A study by Sagar et al. tested the cytotoxic effects of extracts of marine strains inhabiting similar environments, which are brine–seawater interfaces of several of Red Sea brine pools, namely: Discovery Deep, Kebrit Deep, Nereus Deep and Erba Deep [27]. The brine–seawater interfaces are unique environments, but different from the extreme brine pools, and the Atlantis II brine pool anticancer effects were not studied [25, 27]. Moreover, Sagar and coworkers cultured the microbial strains then tested the cytotoxic effects of their lipophilic and hydrophilic extracts [27]. They also performed cultures and extraction on a larger scale (i.e., larger culture volume and 2 weeks duration) [27]. Our approach has an additional advantage of capturing bioactive enzymes from the major, uncultured portion of the metagenome [49].
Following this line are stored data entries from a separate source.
(* Let $I\unlhd K[x_1,\dots,x_n]$ be a homogeneous ideal, let $w\in\mathbb R^n$, and let $J:=\operatorname{in}_{(-1,w)}(\pi^{-1}I)\unlhd R[t,x]$. Then there exists a weight vector $u\in(\mathbb R_{>0})^{n+1}$ such that $J$ is weighted homogeneous with respect to $u$, with $u$ assigning weights to $(t,x_1,\dots,x_n)$.
   Context: Let $K$ be a complete field with a non-trivial discrete valuation $\nu$ and a uniformizing parameter $p$. Let $\mathcal O_K$ be its ring of integers. Let $R\subseteq\mathcal O_K$ be a dense noetherian subring with $p\in R$. The map $\pi:R[[t]][x]\to\mathcal O_K[x]\subseteq K[x]$ sends $t\mapsto p$, and $\pi^{-1}I$ is the preimage of $I$. For $f=\sum c_{\alpha,\beta}t^\beta x^\alpha\in R[[t]][x]$ and $v\in\mathbb R_{<0}\times\mathbb R^n$, $\operatorname{in}_v(f)\in R[t,x]$ is the sum of the terms with $v\cdot(\beta,\alpha)$ maximal. $\operatorname{in}_v(J)$ is the ideal generated by these. An ideal is weighted homogeneous with respect to $u$ if it is generated by polynomials that are homogeneous with respect to the $u$-weighted degree. *)

theory Defs
  imports Complex_Main "HOL-Library.Poly_Mapping"
    "HOL-Computational_Algebra.Polynomial" "HOL-Computational_Algebra.Formal_Power_Series"
begin

(* Multivariate polynomials in variables indexed by a finite type 'n are elements of
   the ring of finitely supported maps from exponent vectors ('n =>0 nat) to coefficients
   (Poly_Mapping; multiplication = convolution).
   K[x] : coefficients 'a;  R[[t]][x] : coefficients 'a fps with all coefficients in R;
   R[t,x] = R[t][x] : coefficients 'a poly with all coefficients in R. *)

definition ideal_gen_in :: "'b::comm_ring_1 set \<Rightarrow> 'b set \<Rightarrow> 'b set" where
  "ideal_gen_in A S = {y. \<exists>F c. finite F \<and> F \<subseteq> S \<and> (\<forall>s\<in>F. c s \<in> A) \<and> y = (\<Sum>s\<in>F. c s * s)}"

definition discrete_valuation :: "('a::field \<Rightarrow> int) \<Rightarrow> bool" where
  "discrete_valuation nu \<longleftrightarrow>
     (\<forall>x y. x \<noteq> 0 \<longrightarrow> y \<noteq> 0 \<longrightarrow> nu (x * y) = nu x + nu y) \<and>
     (\<forall>x y. x \<noteq> 0 \<longrightarrow> y \<noteq> 0 \<longrightarrow> x + y \<noteq> 0 \<longrightarrow> nu (x + y) \<ge> min (nu x) (nu y)) \<and>
     (\<exists>x. x \<noteq> 0 \<and> nu x \<noteq> 0)"

definition uniformizer :: "('a::field \<Rightarrow> int) \<Rightarrow> 'a \<Rightarrow> bool" where
  "uniformizer nu p \<longleftrightarrow> p \<noteq> 0 \<and> nu p > 0 \<and> (\<forall>x. x \<noteq> 0 \<longrightarrow> nu x > 0 \<longrightarrow> nu p \<le> nu x)"

definition vclose :: "('a::field \<Rightarrow> int) \<Rightarrow> int \<Rightarrow> 'a \<Rightarrow> 'a \<Rightarrow> bool" where
  "vclose nu N x y \<longleftrightarrow> x = y \<or> nu (x - y) \<ge> N"

definition vcauchy :: "('a::field \<Rightarrow> int) \<Rightarrow> (nat \<Rightarrow> 'a) \<Rightarrow> bool" where
  "vcauchy nu s \<longleftrightarrow> (\<forall>N. \<exists>M. \<forall>m\<ge>M. \<forall>k\<ge>M. vclose nu N (s m) (s k))"

definition vconverges :: "('a::field \<Rightarrow> int) \<Rightarrow> (nat \<Rightarrow> 'a) \<Rightarrow> 'a \<Rightarrow> bool" where
  "vconverges nu s L \<longleftrightarrow> (\<forall>N. \<exists>M. \<forall>m\<ge>M. vclose nu N (s m) L)"

definition vcomplete :: "('a::field \<Rightarrow> int) \<Rightarrow> bool" where
  "vcomplete nu \<longleftrightarrow> (\<forall>s. vcauchy nu s \<longrightarrow> (\<exists>L. vconverges nu s L))"
lemma covered_imp_div_gcd_le:
  assumes "p > 0" "q > 0" "eps \<le> eps_star p q"
    and "D \<subseteq> reachable p q n" "frac (real n / real p) \<in> Veps eps D"
  shows "p div gcd p q \<le> n"
proof -
  from assms(4,5) obtain x where x: "x \<in> reachable p q n" "tnorm (frac (real n / real p) - x) < eps"
    unfolding Veps_def tball_def by blast
  then obtain k j where k: "k < n" and xkj: "x = frac (real k / real p + of_int j / real q)"
    unfolding reachable_def by blast
  have "real n / real p - (real k / real p + of_int j / real q)
      = of_int (int n - int k) / real p + of_int (- j) / real q"
    by (simp add: diff_divide_distrib)
  then have "tnorm (of_int (int n - int k) / real p + of_int (- j) / real q) < eps_star p q"
    using x(2) assms(3) unfolding xkj tnorm_frac_diff by (metis order_less_le_trans)
  then have "int (p div gcd p q) dvd int n - int k"
    by (rule tnorm_sum_less_eps_star_imp_dvd[OF assms(1,2)])
  then have "int (p div gcd p q) \<le> int n - int k" using k by (simp add: zdvd_imp_le)
  then show ?thesis by simp
qed

lemma Htrain_eq_OmegaE: "Htrain = OmegaE"
  unfolding Htrain_def OmegaE_def by (simp add: fun_eq_iff)

lemma frac_divide_mem_OmegaE:
  assumes "p > 0" shows "frac (real n / real p) \<in> OmegaE p"
proof -
  have "real n / real p = real (n mod p) / real p + real (n div p)"
    using assms by (simp add: field_simps flip: of_nat_mult of_nat_add)
  then have "frac (real n / real p) = frac (real (n mod p) / real p)"
    by (simp add: frac_add_int_right)
  then show ?thesis unfolding OmegaE_def using mod_less_divisor[OF assms] by blast
qed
Archaeal orphan biosynthetic gene cluster from ATII brine pool LCL on 14-7E

The selected clones were both sequenced by high-throughput sequencing platforms. We sequenced 201,086 bp in 14-7E scaffolds and 21,407 bp in 10-2G scaffolds. 14-7E was sequenced using HiSeq, while 10-2G was sequenced using MiSeq. Despite the different sequencing instruments, both sequencing approaches have similar chemistries. Additionally, similar de novo assembly methods and quality filtering were performed. Surprisingly, the number of retrieved sequences for 14-7E were larger than the expected size, and this could be attributed to the possibility that more than one fosmid insert was sequenced.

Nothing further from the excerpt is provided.